▶ [Task item]: Would you please output the lines of the data below from the one containing "V \<Longrightarrow> C" to the end, exactly and with nothing added?

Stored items

(* Let $G$ be a connected graph and $v\in V(G)$. Let $G_v$ be the graph obtained from $G$ by adding a new vertex $v'$ adjacent to $v$ and to all vertices of $N_G(v)$. For a search tree $T$ on $G$, let $P(T)=\{T(i,j)\mid i\in\{0,\ldots,d_{T,v}\},\ j\in\{1,2\}\}$. Then $\{P(T)\mid T\in V(\mathcal{R}(G))\}$ is a partition of $V(\mathcal{R}(G_v))$.
   Context: For a connected graph $G$, a search tree on $G$ is a rooted tree with vertex set $V(G)$ defined recursively: its root is some vertex $r\in V(G)$, and the children of $r$ are the roots of search trees on the connected components of $G-r$. $V(\mathcal{R}(G))$ denotes the set of search trees on $G$. For a rooted tree $T$ with root $r_T$ and $w\in V(T)$, $d_{T,w}$ is the distance from $r_T$ to $w$. Insertion: for a rooted tree $T$, $v\in V(T)$ with $d=d_{T,v}$ and root-to-$v$ path $a_0,\ldots,a_d=v$, and $x\notin V(T)$: $T(0,x,v)$ has $x$ as new root with $T$ as its only subtree; for $1\le i\le d$, $T(i,x,v)$ is obtained by subdividing the edge $a_{i-1}a_i$ by $x$. Define $T(i,1)=T(i,v',v)$, and $T(i,2)=\rho^\ast(T(i,1))$, where $\rho$ is the permutation of $V(G_v)$ swapping $v$ and $v'$ and fixing all other vertices, and $\rho^\ast(R)$ is the rooted tree with edge set $\{\rho(a)\rho(b)\mid ab\in E(R)\}$ and root $\rho(r_R)$. *)

theory Defs
  imports Main "HOL-Library.Disjoint_Sets" "HOL-Combinatorics.Transposition"
begin

definition graph :: "'a set \<Rightarrow> 'a set set \<Rightarrow> bool" where
  "graph V E \<longleftrightarrow> finite V \<and> (\<forall>e\<in>E. \<exists>a b. a \<in> V \<and> b \<in> V \<and> a \<noteq> b \<and> e = {a, b})"

definition reach :: "'a set \<Rightarrow> 'a set set \<Rightarrow> 'a \<Rightarrow> 'a \<Rightarrow> bool" where
  "reach V E x y \<longleftrightarrow> x \<in> V \<and> (\<lambda>a b. a \<in> V \<and> b \<in> V \<and> {a, b} \<in> E)\<^sup>*\<^sup>* x y"

definition connected_graph :: "'a set \<Rightarrow> 'a set set \<Rightarrow> bool" where
  "connected_graph V E \<longleftrightarrow> V \<noteq> {} \<and> (\<forall>x\<in>V. \<forall>y\<in>V. reach V E x y)"

definition induced :: "'a set set \<Rightarrow> 'a set \<Rightarrow> 'a set set" where
  "induced E C = {e \<in> E. e \<subseteq> C}"

definition comps :: "'a set \<Rightarrow> 'a set set \<Rightarrow> 'a set set" where
  "comps V E = {{y \<in> V. reach V E x y} | x. x \<in> V}"

text \<open>Rooted trees are pairs (root, set of undirected edges).\<close>
type_synonym 'a rtree = "'a \<times> 'a set set"

inductive search_tree :: "'a set \<Rightarrow> 'a set set \<Rightarrow> 'a rtree \<Rightarrow> bool" where
  st: "connected_graph V E \<Longrightarrow> r \<in> V \<Longrightarrow>
   (\<forall>C\<in>comps (V - {r}) (induced E (V - {r})). search_tree C (induced E C) (t C)) \<Longrightarrow>
   F = (\<Union>C\<in>comps (V - {r}) (induced E (V - {r})). insert {r, fst (t C)} (snd (t C))) \<Longrightarrow>
   search_tree V E (r, F)"

definition tree_path :: "'a set set \<Rightarrow> 'a list \<Rightarrow> bool" where
  "tree_path F p \<longleftrightarrow> p \<noteq> [] \<and> distinct p \<and> (\<forall>i. Suc i < length p \<longrightarrow> {p ! i, p ! Suc i} \<in> F)"

definition root_path :: "'a rtree \<Rightarrow> 'a \<Rightarrow> 'a list" where
  "root_path T w = (THE p. tree_path (snd T) p \<and> hd p = fst T \<and> last p = w)"

definition depth :: "'a rtree \<Rightarrow> 'a \<Rightarrow> nat" where
  "depth T w = length (root_path T w) - 1"

definition ins :: "'a rtree \<Rightarrow> nat \<Rightarrow> 'a \<Rightarrow> 'a \<Rightarrow> 'a rtree" where
  "ins T i x v =
    (if i = 0 then (x, insert {x, fst T} (snd T))
     else (let p = root_path T v in
       (fst T, (snd T - {{p ! (i - 1), p ! i}}) \<union> {{p ! (i - 1), x}, {x, p ! i}})))"

definition relabel :: "('a \<Rightarrow> 'a) \<Rightarrow> 'a rtree \<Rightarrow> 'a rtree" where
  "relabel \<rho> R = (\<rho> (fst R), (\<lambda>e. \<rho> ` e) ` snd R)"

definition Gv_edges :: "'a set \<Rightarrow> 'a set set \<Rightarrow> 'a \<Rightarrow> 'a \<Rightarrow> 'a set set" where
  "Gv_edges V E v v' = E \<union> {{v', v}} \<union> {{v', u} | u. u \<in> V \<and> {v, u} \<in> E}"

definition Pset :: "'a rtree \<Rightarrow> 'a \<Rightarrow> 'a \<Rightarrow> 'a rtree set" where
  "Pset T v v' = {ins T i v' v | i. i \<le> depth T v}
              \<union> {relabel (transpose v v') (ins T i v' v) | i. i \<le> depth T v}"

end

theory Submission
  imports Defs
begin

text \<open>A search tree \<open>X\<close> of \<open>G\<^sub>v\<close> is classified by its root. If the root is \<open>v'\<close>,
  deleting it leaves \<open>G\<close>, so \<open>X = T(0,1)\<close> for a unique search tree \<open>T\<close> of \<open>G\<close>. Since
  \<open>v\<close> and \<open>v'\<close> are adjacent twins, swapping them is an automorphism of \<open>G\<^sub>v\<close>; it reduces
  the case of root \<open>v\<close> to the previous one and yields \<open>X = T(0,2)\<close>. Otherwise the root \<open>r\<close>
  lies in \<open>V - {v}\<close>, and the components of \<open>G\<^sub>v - r\<close> are those of \<open>G - r\<close>, except that
  the component \<open>C\<close> containing \<open>v\<close> becomes \<open>C\<^sub>v\<close>. Inserting \<open>v'\<close> at depth \<open>i + 1\<close> of a
  search tree of \<open>G\<close> is the same as inserting it at depth \<open>i\<close> of its branch on \<open>C\<close>, so
  induction on \<open>|V|\<close> matches \<open>X\<close> with exactly one \<open>T(i,j)\<close>.\<close>

section \<open>Reachability and connected components\<close>

abbreviation adj :: "'a set \<Rightarrow> 'a set set \<Rightarrow> 'a \<Rightarrow> 'a \<Rightarrow> bool" where
  "adj V E \<equiv> \<lambda>a b. a \<in> V \<and> b \<in> V \<and> {a, b} \<in> E"

lemma reach_imp_mem: "reach V E x y \<Longrightarrow> x \<in> V \<and> y \<in> V"
proof -
  assume "reach V E x y"
  hence "x \<in> V" and "(adj V E)\<^sup>*\<^sup>* x y" by (auto simp: reach_def)
  from this(2) have "y \<in> V" using \<open>x \<in> V\<close> by (induction rule: rtranclp_induct) auto
  with \<open>x \<in> V\<close> show ?thesis by simp
qed

lemma reach_refl: "x \<in> V \<Longrightarrow> reach V E x x"
  by (simp add: reach_def)

lemma reach_trans: "reach V E x y \<Longrightarrow> reach V E y z \<Longrightarrow> reach V E x z"
  by (auto simp: reach_def)

lemma reach_sym: "reach V E x y \<Longrightarrow> reach V E y x"
proof -
  assume xy: "reach V E x y"
  have "symp (adj V E)" by (auto simp: symp_def insert_commute)
  hence "(adj V E)\<^sup>*\<^sup>* y x" using xy sympD[OF symp_rtranclp] by (auto simp: reach_def)
  thus ?thesis using reach_imp_mem[OF xy] by (simp add: reach_def)
qed

lemma reach_edge: "adj V E a b \<Longrightarrow> reach V E a b"
  by (auto simp: reach_def)

lemma rtranclp_map:
  assumes "R\<^sup>*\<^sup>* x y" and "\<And>a b. R a b \<Longrightarrow> R' (f a) (f b) \<or> f a = f b"
  shows "R'\<^sup>*\<^sup>* (f x) (f y)"
  using assms(1)
proof (induction rule: rtranclp_induct)
  case (step y z)
  then show ?case using assms(2)[OF step(2)] by (metis rtranclp.rtrancl_into_rtrancl)
qed simp

lemma reach_map:
  assumes "reach V E x y" and "f x \<in> V'"
    and "\<And>a b. adj V E a b \<Longrightarrow> adj V' E' (f a) (f b) \<or> f a = f b"
  shows "reach V' E' (f x) (f y)"
proof -
  have "(adj V E)\<^sup>*\<^sup>* x y" using assms(1) by (simp add: reach_def)
  hence "(adj V' E')\<^sup>*\<^sup>* (f x) (f y)" using assms(3) by (rule rtranclp_map)
  thus ?thesis using assms(2) by (simp add: reach_def)
qed

lemma reach_mono: "reach V E x y \<Longrightarrow> V \<subseteq> V' \<Longrightarrow> E \<subseteq> E' \<Longrightarrow> reach V' E' x y"
  using reach_map[of V E x y id V' E'] reach_imp_mem[of V E x y] by auto

definition component :: "'a set \<Rightarrow> 'a set set \<Rightarrow> 'a \<Rightarrow> 'a set" where
  "component V E x = {y \<in> V. reach V E x y}"

lemma comps_eq_image_component: "comps V E = component V E ` V"
  by (auto simp: comps_def component_def)

lemma component_eq_if_reach: "reach V E x y \<Longrightarrow> component V E x = component V E y"
  unfolding component_def by (metis reach_sym reach_trans)

lemma mem_component_self: "x \<in> V \<Longrightarrow> x \<in> component V E x"
  by (simp add: component_def reach_refl)

lemma mem_component_iff: "y \<in> component V E x \<longleftrightarrow> y \<in> V \<and> reach V E x y"
  by (simp add: component_def)

lemma component_subset: "component V E x \<subseteq> V"
  by (auto simp: component_def)

lemma comps_subset: "C \<in> comps V E \<Longrightarrow> C \<subseteq> V"
  by (auto simp: comps_eq_image_component component_def)

lemma comps_eq_component: "C \<in> comps V E \<Longrightarrow> x \<in> C \<Longrightarrow> C = component V E x"
proof -
  assume "C \<in> comps V E" and x: "x \<in> C"
  then obtain a where "C = component V E a" by (auto simp: comps_eq_image_component)
  with x show ?thesis by (simp add: mem_component_iff component_eq_if_reach)
qed

lemma comps_eqI: "C \<in> comps V E \<Longrightarrow> D \<in> comps V E \<Longrightarrow> x \<in> C \<Longrightarrow> x \<in> D \<Longrightarrow> C = D"
  using comps_eq_component by metis

lemma ex_comps_mem: "x \<in> V \<Longrightarrow> \<exists>C\<in>comps V E. x \<in> C"
  using mem_component_self by (fastforce simp: comps_eq_image_component)

lemma comps_connected: "connected_graph V E \<Longrightarrow> comps V E = {V}"
proof -
  assume conn: "connected_graph V E"
  hence "component V E x = V" if "x \<in> V" for x
    using that component_subset unfolding connected_graph_def component_def by blast
  moreover have "V \<noteq> {}" using conn unfolding connected_graph_def by blast
  ultimately show ?thesis unfolding comps_eq_image_component by auto
qed

lemma graph_edge_subset: "graph V E \<Longrightarrow> e \<in> E \<Longrightarrow> e \<subseteq> V"
  unfolding graph_def by fastforce

lemma graph_induced: "graph V E \<Longrightarrow> W \<subseteq> V \<Longrightarrow> graph W (induced E W)"
  unfolding graph_def induced_def by (metis finite_subset insert_subset mem_Collect_eq)

section \<open>Decomposing a search tree at its root\<close>

abbreviation comps_del :: "'a set \<Rightarrow> 'a set set \<Rightarrow> 'a \<Rightarrow> 'a set set" where
  "comps_del V E r \<equiv> comps (V - {r}) (induced E (V - {r}))"

abbreviation hang_edges :: "'a \<Rightarrow> 'a rtree \<Rightarrow> 'a set set" where
  "hang_edges r S \<equiv> insert {r, fst S} (snd S)"

lemma graph_comps_del: "graph V E \<Longrightarrow> C \<in> comps_del V E r \<Longrightarrow> graph C (induced E C)"
  using graph_induced[of V E C] comps_subset[of C] by blast

lemma card_comps_del_less: "finite V \<Longrightarrow> r \<in> V \<Longrightarrow> C \<in> comps_del V E r \<Longrightarrow> card C < card V"
  using comps_subset[of C] by (intro psubset_card_mono) auto

definition decomp :: "'a set \<Rightarrow> 'a set set \<Rightarrow> 'a \<Rightarrow> 'a set set \<Rightarrow> ('a set \<Rightarrow> 'a rtree) \<Rightarrow> bool" where
  "decomp V E r F t \<longleftrightarrow> connected_graph V E \<and> r \<in> V \<and>
    (\<forall>C\<in>comps_del V E r. search_tree C (induced E C) (t C)) \<and>
    F = (\<Union>C\<in>comps_del V E r. hang_edges r (t C))"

▶ [Result for this task]:
lemma card_comps_del_less: "finite V \<Longrightarrow> r \<in> V \<Longrightarrow> C \<in> comps_del V E r \<Longrightarrow> card C < card V"
  using comps_subset[of C] by (intro psubset_card_mono) auto

definition decomp :: "'a set \<Rightarrow> 'a set set \<Rightarrow> 'a \<Rightarrow> 'a set set \<Rightarrow> ('a set \<Rightarrow> 'a rtree) \<Rightarrow> bool" where
  "decomp V E r F t \<longleftrightarrow> connected_graph V E \<and> r \<in> V \<and>
    (\<forall>C\<in>comps_del V E r. search_tree C (induced E C) (t C)) \<and>
    F = (\<Union>C\<in>comps_del V E r. hang_edges r (t C))"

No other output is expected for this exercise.